An attempt to write a MIR (Medium Internal Representation) to Java translator

Primary LanguageCMIT LicenseMIT

MIR2j Project

The goal of this project is to make C applications/libraries work in a JVM. There are already projects that do this:

It should be possible to do the same thing with MIR but with a much smaller footprint.

At first, I thought it wasn't a good idea (for me) to start generating bytecodes because I needed to understand how MIR works and experiment with trial and error (and also because I haven't found a good bytecode manipulation library in pure c). So I decided to generate Java sources for now.
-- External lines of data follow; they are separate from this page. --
lemma in_Sn_if_tops_separated:
  assumes a: "a \<in> PIstar n"
    and no_top_singleton: "\<And>x. {Inl x} \<notin> a"
    and separated: "\<And>A x y. A \<in> a \<Longrightarrow> Inl x \<in> A \<Longrightarrow> Inl y \<in> A \<Longrightarrow> x = y"
  shows "a \<in> Sn n"
proof -
  have "\<exists>j. \<exists>A\<in>a. Inl x \<in> A \<and> Inr j \<in> A" if "x \<in> {1..n}" for x
    by (rule PIstar_block_of_nonsingleton[OF a, of "Inl x"]) (use that no_top_singleton in auto)
  then obtain f where f: "\<And>x. x \<in> {1..n} \<Longrightarrow> \<exists>A\<in>a. Inl x \<in> A \<and> Inr (f x) \<in> A"
    by metis
  have same_block: "x = y"
    if A: "A \<in> a" "Inl x \<in> A" "Inr (f y) \<in> A" and y: "y \<in> {1..n}" for A x y
  proof -
    obtain B where "B \<in> a" "Inl y \<in> B" "Inr (f y) \<in> B" using f[OF y] by blast
    with A show ?thesis using PIstar_block_unique[OF a] separated by metis
  qed
  have "inj_on f {1..n}" by (rule inj_onI) (use f same_block in metis)
  moreover have "f ` {1..n} \<subseteq> {1..n}" using f PIstar_block_subset[OF a] by fastforce
  ultimately have bij: "bij_betw f {1..n} {1..n}"
    using endo_inj_surj[of "{1..n}" f] by (simp add: bij_betw_def)
  have "{Inl x, Inr (f x)} \<in> a" if x: "x \<in> {1..n}" for x
  proof -
    obtain A where A: "A \<in> a" "Inl x \<in> A" "Inr (f x) \<in> A" using f[OF x] by blast
    have "p \<in> {Inl x, Inr (f x)}" if p: "p \<in> A" for p
    proof (cases p)
      case (Inl y)
      then show ?thesis using separated[OF A(1,2)] p by simp
    next
      case (Inr j)
      then have "j \<in> f ` {1..n}" using PIstar_block_subset[OF a A(1)] p bij_betw_imp_surj_on[OF bij] by auto
      then show ?thesis using same_block[OF A(1,2)] p Inr by auto
    qed
    then have "A = {Inl x, Inr (f x)}" using A(2,3) by blast
    then show ?thesis using A(1) by simp
  qed
  then have "perm_elem n f \<subseteq> a" by (auto simp: perm_elem_def)
  then have "a = perm_elem n f" using PIstar_subset_eq[OF a perm_elem_in_PIstar[OF bij]] by simp
  then show ?thesis using bij by (auto simp: Sn_eq)
qed

lemma star_in_Sn_imp_left:
  assumes \<alpha>: "\<alpha> \<in> PIstar n" and \<beta>: "\<beta> \<in> PIstar n" and unit: "star n \<alpha> \<beta> \<in> Sn n"
  shows "\<alpha> \<in> Sn n"
proof -
  have good: "\<not> badpt \<alpha> \<beta> (Inl x)" if "x \<in> {1..n}" for x
  proof
    assume "badpt \<alpha> \<beta> (Inl x)"
    then have "{Inl x} \<in> star n \<alpha> \<beta>"
      using that unfolding star_eq_image_star_block star_block_def by force
    then show False using Sn_singleton_free[OF unit] by blast
  qed
  show ?thesis
  proof (rule in_Sn_if_tops_separated[OF \<alpha>])
    fix x show "{Inl x} \<notin> \<alpha>"
      using good badpt_liftTopI[of "Inl x" \<alpha> "Inl x" \<beta>] PIstar_block_subset[OF \<alpha>] by fastforce
  next
    fix A x y assume A: "A \<in> \<alpha>" "Inl x \<in> A" "Inl y \<in> A"
    then have xy: "x \<in> {1..n}" "y \<in> {1..n}" using PIstar_block_subset[OF \<alpha> A(1)] by auto
    have "(outer (Inl x), outer (Inl y)) \<in> simrel \<alpha> \<beta>" using simrel_liftTop[OF A, of \<beta>] by simp
    then have "Inl y \<in> star_block n \<alpha> \<beta> (Inl x)" using in_star_blockI[OF good] xy by simp
    moreover have "Inl x \<in> star_block n \<alpha> \<beta> (Inl x)" using self_in_star_block xy by simp
    moreover have "star_block n \<alpha> \<beta> (Inl x) \<in> star n \<alpha> \<beta>" using xy by (simp add: star_eq_image_star_block)
    ultimately show "x = y" using Sn_block_top_unique[OF unit] by blast
  qed
qed

subsection \<open>Reducing the number of lines\<close>

definition lines :: "pt set set \<Rightarrow> pt set set" where
  "lines a = {A \<in> a. \<nexists>x. A = {x}}"

lemma finite_lines: "a \<in> PIstar n \<Longrightarrow> finite (lines a)"
  using finite_PIstar by (simp add: lines_def)

lemma line_of_star_block:
  assumes "Q \<in> lines (star n \<alpha> \<beta>)" "v \<in> Q"
  shows "star_block n \<alpha> \<beta> v = Q" and "\<not> badpt \<alpha> \<beta> v"
proof -
  have Q: "Q \<in> star n \<alpha> \<beta>" "\<nexists>x. Q = {x}" using assms(1) by (auto simp: lines_def)
  then obtain u where "Q = star_block n \<alpha> \<beta> u" unfolding star_eq_image_star_block by blast
  then show eq: "star_block n \<alpha> \<beta> v = Q" using star_block_eq assms(2) by blast
  show "\<not> badpt \<alpha> \<beta> v"
  proof
    assume "badpt \<alpha> \<beta> v"
    then have "Q = {v}" using eq by (simp add: star_block_def)
    then show False using Q(2) by blast
  qed
qed

lemma block_through_line_of_star:
  assumes \<alpha>: "\<alpha> \<in> PIstar n" and Q: "Q \<in> lines (star n \<alpha> \<beta>)"
    and A: "A \<in> \<alpha>" "Inl y \<in> A" "Inl y \<in> Q"
  shows "A \<in> lines \<alpha>" and "A \<inter> range Inl \<subseteq> Q"
proof -
  note good = line_of_star_block[OF Q A(3)]
  show "A \<inter> range Inl \<subseteq> Q"
  proof
    fix p assume p: "p \<in> A \<inter> range Inl"
    then have "(outer (Inl y), outer p) \<in> simrel \<alpha> \<beta>"
      using simrel_liftTop[OF A(1,2), of p \<beta>] by (auto elim: outer.elims)
    moreover have "p \<in> carrierX n" using PIstar_block_subset[OF \<alpha> A(1)] p by blast
    ultimately show "p \<in> Q" using in_star_blockI[OF good(2)] good(1) by blast
  qed
  have "A \<noteq> {Inl y}" using badpt_liftTopI[of "Inl y" \<alpha> "Inl y" \<beta>] good(2) A(1) by auto
  then show "A \<in> lines \<alpha>" using A by (auto simp: lines_def)
qed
Another advantage is that we could also easily generate sources for languages close to Java syntax like C# or Dart.

LLVM IR / C => MIR => Java Sources

Because there is no goto instruction at source level, the program flow is based on a loop with switch/case statements.
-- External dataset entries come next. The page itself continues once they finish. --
definition hcov :: "'a::order hat \<Rightarrow> 'a hat \<Rightarrow> bool" where
  "hcov x y \<longleftrightarrow> hless x y \<and> \<not> (\<exists>z. hless x z \<and> hless z y)"

definition hat_univ :: "'a hat set" where
  "hat_univ = {Bot, Top} \<union> Elt ` UNIV"

fun ext_lab :: "real \<Rightarrow> real \<Rightarrow> ('a \<Rightarrow> real) \<Rightarrow> 'a hat \<Rightarrow> real" where
  "ext_lab \<alpha> \<omega> \<pi> Bot = \<alpha>"
| "ext_lab \<alpha> \<omega> \<pi> (Elt x) = \<pi> x"
| "ext_lab \<alpha> \<omega> \<pi> Top = \<omega>"

definition lower_sum :: "real \<Rightarrow> real \<Rightarrow> ('a::order \<Rightarrow> real) \<Rightarrow> 'a \<Rightarrow> real" where
  "lower_sum \<alpha> \<omega> \<pi> p = (\<Sum>r\<in>{r\<in>hat_univ. hcov r (Elt p)}. ext_lab \<alpha> \<omega> \<pi> r)"

definition upper_inv_sum :: "real \<Rightarrow> real \<Rightarrow> ('a::order \<Rightarrow> real) \<Rightarrow> 'a \<Rightarrow> real" where
  "upper_inv_sum \<alpha> \<omega> \<pi> p = (\<Sum>r\<in>{r\<in>hat_univ. hcov (Elt p) r}. 1 / ext_lab \<alpha> \<omega> \<pi> r)"

definition btoggle :: "real \<Rightarrow> real \<Rightarrow> 'a::order \<Rightarrow> ('a \<Rightarrow> real) \<Rightarrow> ('a \<Rightarrow> real)" where
  "btoggle \<alpha> \<omega> p \<pi> = \<pi>(p := lower_sum \<alpha> \<omega> \<pi> p / (\<pi> p * upper_inv_sum \<alpha> \<omega> \<pi> p))"

definition linear_extension :: "'a::order list \<Rightarrow> bool" where
  "linear_extension L \<longleftrightarrow> distinct L \<and> set L = UNIV \<and>
     (\<forall>i j. i < j \<and> j < length L \<longrightarrow> \<not> (L ! j < L ! i))"

text \<open>Birational rowmotion: tau_{p1} o ... o tau_{pm} for a linear extension p1..pm
  (the result is independent of the choice; we pick one).\<close>
definition brow :: "real \<Rightarrow> real \<Rightarrow> ('a::{finite,order} \<Rightarrow> real) \<Rightarrow> ('a \<Rightarrow> real)" where
  "brow \<alpha> \<omega> \<pi> = foldr (btoggle \<alpha> \<omega>) (SOME L. linear_extension L) \<pi>"

definition Tplus :: "real \<Rightarrow> real \<Rightarrow> 'a::order \<Rightarrow> ('a \<Rightarrow> real) \<Rightarrow> real" where
  "Tplus \<alpha> \<omega> p \<pi> = \<pi> p / lower_sum \<alpha> \<omega> \<pi> p"

definition Tminus :: "real \<Rightarrow> real \<Rightarrow> 'a::order \<Rightarrow> ('a \<Rightarrow> real) \<Rightarrow> real" where
  "Tminus \<alpha> \<omega> p \<pi> = 1 / (\<pi> p * upper_inv_sum \<alpha> \<omega> \<pi> p)"

definition Tstat :: "real \<Rightarrow> real \<Rightarrow> 'a::order \<Rightarrow> ('a \<Rightarrow> real) \<Rightarrow> real" where
  "Tstat \<alpha> \<omega> p \<pi> = Tplus \<alpha> \<omega> p \<pi> / Tminus \<alpha> \<omega> p \<pi>"

end

theory Submission
  imports Defs
begin

text \<open>In the composite \<open>\<rho>\<close>, the toggles applied before the one at \<open>p\<close> fix everything
  below \<open>p\<close>, and those applied after it fix everything above \<open>p\<close>; hence
  \<open>T\<^sup>+\<^sub>p \<pi> = T\<^sup>-\<^sub>p (\<rho> \<pi>)\<close> and the product telescopes to
  \<open>T\<^sup>-\<^sub>p (\<rho>\<^sup>n \<pi>) / T\<^sup>-\<^sub>p \<pi>\<close>. It remains to bound \<open>T\<^sup>-\<^sub>p\<close> along the orbit away
  from \<open>0\<close> and \<open>\<infinity>\<close>. The sum \<open>Q \<pi>\<close> of the quotients \<open>\<pi> u / \<pi> v\<close> over all covers
  \<open>u \<lessdot> v\<close> of \<open>P\<close>-hat is invariant under every toggle: the summands involving \<open>q\<close> add
  up to \<open>L / \<pi> q + \<pi> q * U\<close>, and toggling \<open>\<pi> q\<close> to \<open>L / (\<pi> q * U)\<close> swaps the two.
  So every cover quotient along the orbit is at most \<open>Q \<pi>\<close>; chaining covers from \<open>0\<close>-hat
  up to \<open>p\<close> and from \<open>p\<close> up to \<open>1\<close>-hat bounds \<open>T\<^sup>-\<^sub>p\<close> on both sides, and the
  \<open>n\<close>-th root of a sequence bounded between positive constants tends to \<open>1\<close>.\<close>

instantiation hat :: (order) order
begin

definition less_eq_hat :: "'a hat \<Rightarrow> 'a hat \<Rightarrow> bool" where
  "less_eq_hat = hle"

definition less_hat :: "'a hat \<Rightarrow> 'a hat \<Rightarrow> bool" where
  "less_hat = hless"

instance
proof
  fix x y z :: "'a hat"
  show "x \<le> x" by (cases x) (simp_all add: less_eq_hat_def)
  show "x \<le> y \<Longrightarrow> y \<le> z \<Longrightarrow> x \<le> z"
    by (cases x; cases y; cases z) (auto simp: less_eq_hat_def)
  show "x \<le> y \<Longrightarrow> y \<le> x \<Longrightarrow> x = y"
    by (cases x; cases y) (auto simp: less_eq_hat_def)
  show "x < y \<longleftrightarrow> x \<le> y \<and> \<not> y \<le> x"
    by (cases x; cases y) (auto simp: less_eq_hat_def less_hat_def hless_def)
qed

end

lemma hcov_iff: "hcov u v \<longleftrightarrow> u < v \<and> \<not> (\<exists>z. u < z \<and> z < v)"
  by (simp add: hcov_def less_hat_def)

lemma hcov_irrefl [simp]: "\<not> hcov u u"
  by (simp add: hcov_iff)

lemma Bot_le_hat [simp]: "Bot \<le> x" and hat_le_Top [simp]: "x \<le> Top"
  by (cases x; simp add: less_eq_hat_def)+

lemma less_Elt_iff: "x < Elt p \<longleftrightarrow> x = Bot \<or> (\<exists>q. x = Elt q \<and> q < p)"
  by (cases x) (auto simp: less_hat_def hless_def less_le)

lemma Elt_less_iff: "Elt p < x \<longleftrightarrow> x = Top \<or> (\<exists>q. x = Elt q \<and> p < q)"
  by (cases x) (auto simp: less_hat_def hless_def less_le)

lemma UNIV_hat: "(UNIV :: 'a hat set) = insert Bot (insert Top (range Elt))"
  using hat.exhaust by auto

lemma hat_univ_eq_UNIV: "hat_univ = UNIV"
  by (simp add: hat_univ_def UNIV_hat)

instance hat :: (finite) finite
  by standard (simp add: UNIV_hat)

lemma hcov_above:
  fixes u v :: "'a::{finite,order} hat"
  assumes "u < v"
  obtains w where "hcov u w" "w \<le> v"
proof -
  obtain w where w: "w \<in> {u<..v}" and min: "\<forall>z\<in>{u<..v}. z \<le> w \<longrightarrow> w = z"
    using finite_has_minimal[of "{u<..v}"] assms by auto
  have "hcov u w"
    unfolding hcov_iff using w min by (auto dest: less_imp_le order.strict_trans1)
  with w that show thesis by auto
qed

lemma hcov_below:
  fixes u v :: "'a::{finite,order} hat"
  assumes "u < v"
  obtains w where "u \<le> w" "hcov w v"
proof -
  obtain w where w: "w \<in> {u..<v}" and max: "\<forall>z\<in>{u..<v}. w \<le> z \<longrightarrow> w = z"
    using finite_has_maximal[of "{u..<v}"] assms by auto
  have "hcov w v"
    unfolding hcov_iff using w max by (auto dest: less_imp_le order.strict_trans2)
  with w that show thesis by auto
qed

lemma ext_lab_pos:
  assumes "\<alpha> > 0" "\<omega> > 0" "\<forall>x. \<pi> x > 0"
  shows "ext_lab \<alpha> \<omega> \<pi> u > 0"
  using assms by (cases u) auto

lemma lower_sum_pos:
  fixes \<pi> :: "'a::{finite,order} \<Rightarrow> real"
  assumes "\<alpha> > 0" "\<omega> > 0" "\<forall>x. \<pi> x > 0"
  shows "lower_sum \<alpha> \<omega> \<pi> p > 0"
proof -
  obtain r where "hcov r (Elt p)"
    using hcov_below[of Bot "Elt p"] by (auto simp: less_Elt_iff)
  then show ?thesis
    unfolding lower_sum_def hat_univ_eq_UNIV
    by (intro sum_pos) (auto intro: ext_lab_pos[OF assms])
qed

lemma upper_inv_sum_pos:
  fixes \<pi> :: "'a::{finite,order} \<Rightarrow> real"
  assumes "\<alpha> > 0" "\<omega> > 0" "\<forall>x. \<pi> x > 0"
  shows "upper_inv_sum \<alpha> \<omega> \<pi> p > 0"
proof -
  obtain r where "hcov (Elt p) r"
    using hcov_above[of "Elt p" Top] by (auto simp: Elt_less_iff)
  then show ?thesis
    unfolding upper_inv_sum_def hat_univ_eq_UNIV
    by (intro sum_pos) (auto intro: ext_lab_pos[OF assms])
qed

lemma btoggle_pos:
  fixes \<pi> :: "'a::{finite,order} \<Rightarrow> real"
  assumes "\<alpha> > 0" "\<omega> > 0" "\<forall>x. \<pi> x > 0"
  shows "\<forall>x. btoggle \<alpha> \<omega> q \<pi> x > 0"
  using assms lower_sum_pos[OF assms, of q] upper_inv_sum_pos[OF assms, of q]
  by (auto simp: btoggle_def)

lemma foldr_btoggle_pos:
  fixes \<pi> :: "'a::{finite,order} \<Rightarrow> real"
  assumes "\<alpha> > 0" "\<omega> > 0" "\<forall>x. \<pi> x > 0"
  shows "\<forall>x. foldr (btoggle \<alpha> \<omega>) L \<pi> x > 0"
  by (induction L) (simp_all add: assms btoggle_pos)

lemma brow_pos:
  fixes \<pi> :: "'a::{finite,order} \<Rightarrow> real"
  assumes "\<alpha> > 0" "\<omega> > 0" "\<forall>x. \<pi> x > 0"
  shows "\<forall>x. brow \<alpha> \<omega> \<pi> x > 0"
  unfolding brow_def by (rule foldr_btoggle_pos[OF assms])

lemma funpow_brow_pos:
  fixes \<pi> :: "'a::{finite,order} \<Rightarrow> real"
  assumes "\<alpha> > 0" "\<omega> > 0" "\<forall>x. \<pi> x > 0"
  shows "\<forall>x. (brow \<alpha> \<omega> ^^ n) \<pi> x > 0"
  by (induction n) (simp_all add: assms brow_pos)

lemma lower_sum_cong:
  assumes "\<And>q. q < p \<Longrightarrow> \<pi> q = \<sigma> q"
  shows "lower_sum \<alpha> \<omega> \<pi> p = lower_sum \<alpha> \<omega> \<sigma> p"
  unfolding lower_sum_def hcov_iff
  by (rule sum.cong) (auto simp: less_Elt_iff assms)

lemma upper_inv_sum_cong:
  assumes "\<And>q. p < q \<Longrightarrow> \<pi> q = \<sigma> q"
  shows "upper_inv_sum \<alpha> \<omega> \<pi> p = upper_inv_sum \<alpha> \<omega> \<sigma> p"
  unfolding upper_inv_sum_def hcov_iff
  by (rule sum.cong) (auto simp: Elt_less_iff assms)

lemma foldr_btoggle_notin:
  "q \<notin> set L \<Longrightarrow> foldr (btoggle \<alpha> \<omega>) L \<pi> q = \<pi> q"
  by (induction L) (auto simp: btoggle_def)

lemma linear_extension_exists: "\<exists>L :: 'a::{finite,order} list. linear_extension L"
proof -
  obtain xs :: "'a list" where xs: "set xs = UNIV" "distinct xs"
    using finite_distinct_list[of "UNIV :: 'a set"] by auto
  define rank :: "'a \<Rightarrow> nat" where "rank x = card {q. q < x}" for x
  have rank_mono: "rank a < rank b" if "a < b" for a b
  proof -
    have "{q. q < a} \<subset> {q. q < b}" using that by (auto intro: less_trans)
    then show ?thesis unfolding rank_def by (simp add: psubset_card_mono)
  qed
  define L where "L = sort_key rank xs"
  have sorted: "sorted (map rank L)" unfolding L_def by simp
  have "\<not> L ! j < L ! i" if "i < j" "j < length L" for i j
    using sorted_nth_mono[OF sorted, of i j] rank_mono[of "L ! j" "L ! i"] that by auto
  moreover have "distinct L" "set L = UNIV" using xs unfolding L_def by auto
  ultimately show ?thesis unfolding linear_extension_def by blast
qed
public void doSomething() {
  while(true) {
    switch(label) {
    case 1:
     ....
    case 2:
      label = 1; // goto L1;
      break;
    }
  }
}  

Memory is a giant byte array (byte[]) with this structure: DATA | STACK | HEAP. It seems to me than putting the heap at the end helps to minimize memory footprint when a program is not allocating on the heap.

The C Standard library will be implemented in two places : a Runtime class (only printf and alloca yet) and a single C file for the other common functions which don't require an interaction with the subsystem (like string manipulations)

Currently the code is in its early stages, but the sieve.c example can already be converted and works fine.

Issues

When calling functions passing structures by value, the following behavior has been observed:

If the size of the structure is less than 16 bytes, then c2mir generates functions which return 2 values of 8 bytes to avoid allocating a block of memory on the stack.

If the size of the structure is greater than 16 bytes, c2mir allocates a memory block on the stack in which the values of the structure are written.

Until this problem is fixed, you should modify your C source code so that structures are always larger than 16 bytes (ugly)